A Voz do Rio Nilo

Corro há milénios, uma longa e sinuosa memória de água. O meu percurso começa nas terras altas e frescas, onde o ar é rarefeito e as nuvens tocam as montanhas, e viajo milhares de quilómetros através de desertos escaldantes onde o sol coze a terra até esta estalar. Sinto os passos suaves das gazelas que se aproximam para beber, o peso dos hipopótamos que se mergulham nas minhas profundezas e o olhar atento dos crocodilos que deslizam silenciosamente ao longo das minhas margens. Sou uma fita de azul e verde numa terra de ouro, um refúgio para a vida onde, de outra forma, só haveria areia. Guardo os segredos de faraós e de impérios que nasceram e desapareceram como as dunas ao vento. As minhas águas transportaram rainhas e exploradores, e as minhas margens ouviram as primeiras histórias da humanidade. Eu vi civilizações erguerem-se a partir do pó e voltarem ao pó, mas eu continuo a fluir, sempre em frente, em direção ao grande mar. Eu sou a artéria vital de África. Eu sou o Rio Nilo.

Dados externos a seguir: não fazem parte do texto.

lemma has_cpv_integral_cong:
  assumes "has_cpv_integral f a b c I" "a \<le> c" "c \<le> b"
    and "\<And>s. s \<in> {a..b} \<Longrightarrow> s \<noteq> c \<Longrightarrow> f s = g s"
  shows "has_cpv_integral g a b c I"
proof -
  have eq: "integral {a..c-e} f = integral {a..c-e} g" "integral {c+e..b} f = integral {c+e..b} g"
    "f integrable_on {a..c-e} \<longleftrightarrow> g integrable_on {a..c-e}"
    "f integrable_on {c+e..b} \<longleftrightarrow> g integrable_on {c+e..b}" if "e > 0" for e
    using that assms(2,3) by (auto intro!: integral_cong integrable_cong assms(4))
  have pos: "\<forall>\<^sub>F e in at_right (0::real). e > 0" by (rule eventually_at_right_less)
  have "\<forall>\<^sub>F e in at_right 0. g integrable_on {a..c-e} \<and> g integrable_on {c+e..b}"
    using assms(1) pos unfolding has_cpv_integral_def by (auto elim: eventually_elim2 simp: eq)
  moreover have "((\<lambda>e. integral {a..c-e} g + integral {c+e..b} g) \<longlongrightarrow> I) (at_right 0)"
    using assms(1) pos unfolding has_cpv_integral_def
    by (auto elim!: eventually_mono tendsto_cong[THEN iffD1, rotated] simp: eq)
  ultimately show ?thesis unfolding has_cpv_integral_def ..
qed

lemma has_integral_imp_has_cpv_integral:
  assumes f: "(f has_integral I) {a..b}" and c: "a < c" "c < b"
  shows "has_cpv_integral f a b c I"
proof -
  have int: "f integrable_on {a..b}" using f by blast
  have ev: "\<forall>\<^sub>F e in at_right 0. e \<in> {0<..<min (c-a) (b-c)}"
    by (rule eventually_at_right_real) (use c in auto)
  have "isCont (\<lambda>x. integral {a..x} f) c" "isCont (\<lambda>x. integral {x..b} f) c"
    using c indefinite_integral_continuous_1[OF int] indefinite_integral_continuous_1'[OF int]
    by (auto intro!: continuous_on_interior simp: interior_atLeastAtMost_real)
  then have "((\<lambda>e. integral {a..c-e} f) \<longlongrightarrow> integral {a..c} f) (at_right 0)"
    and "((\<lambda>e. integral {c+e..b} f) \<longlongrightarrow> integral {c..b} f) (at_right 0)"
    by (auto elim!: isCont_tendsto_compose intro!: tendsto_eq_intros)
  then have "((\<lambda>e. integral {a..c-e} f + integral {c+e..b} f)
               \<longlongrightarrow> integral {a..c} f + integral {c..b} f) (at_right 0)"
    by (rule tendsto_add)
  moreover have "integral {a..c} f + integral {c..b} f = I"
    using c Henstock_Kurzweil_Integration.integral_combine[OF _ _ int] integral_unique[OF f] by simp
  moreover have "\<forall>\<^sub>F e in at_right 0. f integrable_on {a..c-e} \<and> f integrable_on {c+e..b}"
    using ev by eventually_elim (auto intro: integrable_subinterval_real[OF int])
  ultimately show ?thesis unfolding has_cpv_integral_def by simp
qed

lemma has_cpv_integral_antiderivative:
  assumes c: "a < c" "c < b"
    and F_cont: "continuous_on ({a..b} - {c}) F"
    and F_deriv: "\<And>s. s \<in> {a<..<b} - {c} \<Longrightarrow> (F has_real_derivative f s) (at s)"
    and F_jump: "((\<lambda>e. F (c - e) - F (c + e)) \<longlongrightarrow> L) (at_right 0)"
  shows "has_cpv_integral f a b c (F b - F a + L)"
proof -
  have ftc: "(f has_integral F v - F u) {u..v}" if "a \<le> u" "u \<le> v" "v \<le> b" "c \<notin> {u..v}" for u v
    using that
    by (intro fundamental_theorem_of_calculus_interior continuous_on_subset[OF F_cont])
       (auto intro!: F_deriv simp: has_real_derivative_iff_has_vector_derivative[symmetric])
  have ev: "\<forall>\<^sub>F e in at_right 0. e \<in> {0<..<min (c-a) (b-c)}"
    by (rule eventually_at_right_real) (use c in auto)
  then have "\<forall>\<^sub>F e in at_right 0. (f has_integral F (c-e) - F a) {a..c-e} \<and>
                                 (f has_integral F b - F (c+e)) {c+e..b}"
    by eventually_elim (auto intro!: ftc)
  moreover have "((\<lambda>e. (F (c-e) - F a) + (F b - F (c+e))) \<longlongrightarrow> F b - F a + L) (at_right 0)"
    using tendsto_add[OF F_jump tendsto_const[of "F b - F a"]] by (simp add: algebra_simps)
  ultimately show ?thesis
    unfolding has_cpv_integral_def
    by (auto elim!: eventually_mono tendsto_cong[THEN iffD1, rotated] simp: integral_unique)
qed

lemma cheb_T_0 [simp]: "cheb_T 0 s = 1"
  by (simp add: cheb_T_def)

lemma cheb_T_Suc_0: "\<bar>s\<bar> \<le> 1 \<Longrightarrow> cheb_T (Suc 0) s = s"
  by (simp add: cheb_T_def)

lemma cheb_T_Suc_Suc:
  assumes "\<bar>s\<bar> \<le> 1"
  shows "cheb_T (Suc (Suc n)) s = 2 * s * cheb_T (Suc n) s - cheb_T n s"
proof -
  define t where "t = arccos s"
  have "cos t = s" using assms by (simp add: t_def)
  moreover have "cos (real (Suc (Suc n)) * t) = 2 * cos t * cos (real (Suc n) * t) - cos (real n * t)"
    using cos_add[of "real (Suc n) * t" t] cos_diff[of "real (Suc n) * t" t]
    by (simp add: algebra_simps)
  ultimately show ?thesis by (simp add: cheb_T_def t_def)
qed

lemma one_minus_sq_mult_cheb_T:
  assumes "\<bar>s\<bar> \<le> 1"
  shows "(1 - s\<^sup>2) * cheb_T (n + 2) s = (2 * cheb_T (n + 2) s - cheb_T (n + 4) s - cheb_T n s) / 4"
  using assms by (simp add: eval_nat_numeral cheb_T_Suc_Suc algebra_simps power2_eq_square)

lemma has_integral_cheb_T_sqrt_by_arccos:
  assumes H: "\<And>t. (H has_real_derivative cos (real n * t) * (sin t)\<^sup>2) (at t)"
  shows "((\<lambda>s. cheb_T n s * sqrt (1 - s\<^sup>2)) has_integral H pi - H 0) {-1..1}"
proof -
  have "continuous_on UNIV H"
    using H by (meson DERIV_isCont continuous_at_imp_continuous_on)
  then have cont: "continuous_on {-1..1} (\<lambda>s. - H (arccos s))"
    by (auto intro!: continuous_intros continuous_on_compose2[of UNIV H])
  have "((\<lambda>s. - H (arccos s)) has_real_derivative cheb_T n s * sqrt (1 - s\<^sup>2)) (at s)"
    if "s \<in> {-1<..<1}" for s
  proof -
    define q where "q = sqrt (1 - s\<^sup>2)"
    have q: "q > 0" "q\<^sup>2 = 1 - s\<^sup>2" "sin (arccos s) = q"
      using that by (auto simp: q_def sin_arccos abs_square_less_1 abs_square_le_1)
    have "((\<lambda>s. H (arccos s)) has_real_derivative
            cos (real n * arccos s) * (sin (arccos s))\<^sup>2 * inverse (- q)) (at s)"
      unfolding q_def by (rule DERIV_chain2[OF H DERIV_arccos]) (use that in auto)
    moreover have "- (cos (real n * arccos s) * (sin (arccos s))\<^sup>2 * inverse (- q)) = cheb_T n s * q"
      using q by (simp add: cheb_T_def field_simps power2_eq_square)
    ultimately show ?thesis
      unfolding q_def by (metis DERIV_minus)
  qed
  then show ?thesis
    using fundamental_theorem_of_calculus_interior[OF _ cont]
    by (simp add: has_real_derivative_iff_has_vector_derivative)
qed

lemma has_integral_cheb_T_sqrt:
  "((\<lambda>s. cheb_T n s * sqrt (1 - s\<^sup>2)) has_integral
      (if n = 0 then pi/2 else if n = 2 then -pi/4 else 0)) {-1..1}"
proof -
  define P :: "real \<Rightarrow> real \<Rightarrow> real" where "P k = (if k = 0 then (\<lambda>t. t) else (\<lambda>t. sin (k * t) / k))" for k
  have P_deriv: "(P k has_real_derivative cos (k * t)) (at t)" for k t
    by (cases "k = 0") (auto simp: P_def intro!: derivative_eq_intros)
  have P_int: "P (of_int i) pi - P (of_int i) 0 = (if i = 0 then pi else 0)" for i :: int
    using sin_zero_iff_int2[of "of_int i * pi"] by (auto simp: P_def)
  define H where "H t = P (real n) t / 2 - P (real n + 2) t / 4 - P (real n - 2) t / 4" for t
  have "(H has_real_derivative cos (real n * t) * (sin t)\<^sup>2) (at t)" for t
  proof -
    have sin_sq: "(sin t)\<^sup>2 = (1 - cos (2 * t)) / 2"
      using cos_double_sin[of t] by simp
    have "cos ((real n + 2) * t) + cos ((real n - 2) * t) = 2 * cos (real n * t) * cos (2 * t)"
      using cos_add[of "real n * t" "2 * t"] cos_diff[of "real n * t" "2 * t"]
      by (simp add: algebra_simps)
    then have "cos (real n * t) / 2 - cos ((real n + 2) * t) / 4 - cos ((real n - 2) * t) / 4 =
               cos (real n * t) * (sin t)\<^sup>2"
      unfolding sin_sq by algebra
    then show ?thesis
      unfolding H_def by (auto intro!: derivative_eq_intros P_deriv)
  qed
  then have "((\<lambda>s. cheb_T n s * sqrt (1 - s\<^sup>2)) has_integral H pi - H 0) {-1..1}"
    by (rule has_integral_cheb_T_sqrt_by_arccos)
  moreover have "H pi - H 0 = (if n = 0 then pi/2 else if n = 2 then -pi/4 else 0)"
    using P_int[of "int n"] P_int[of "int n + 2"] P_int[of "int n - 2"]
    by (auto simp: H_def algebra_simps)
  ultimately show ?thesis by simp
qed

Fui eu que dei vida a uma das maiores civilizações do mundo antigo. Sem mim, o Egito não passaria de um deserto. Todos os anos, como um relógio, eu transbordava as minhas margens num evento que os antigos egípcios não temiam, mas celebravam. Chamavam-lhe a "Inundação". Esta não era uma cheia destrutiva, mas um presente. As minhas águas, que desciam das montanhas distantes, vinham carregadas de um solo escuro e rico a que chamavam silte. Quando as águas recuavam, deixavam para trás um tapete de terra fértil, perfeito para cultivar trigo, linho e outras culturas. Este presente de comida abundante significava que nem todos precisavam de ser agricultores. As pessoas podiam dedicar-se a outras artes e ofícios. Tornaram-se engenheiros brilhantes, artistas talentosos e construtores visionários. Nas minhas margens, eles ergueram templos majestosos e as icónicas pirâmides, monumentos que ainda hoje desafiam o tempo. Eu não era apenas a sua fonte de alimento; eu era a sua autoestrada. Nas minhas águas, eles transportavam em barcaças os enormes blocos de pedra necessários para os seus projetos monumentais, ligando o Alto e o Baixo Egito num reino unificado. Eu era o coração pulsante da sua existência, o centro do seu universo.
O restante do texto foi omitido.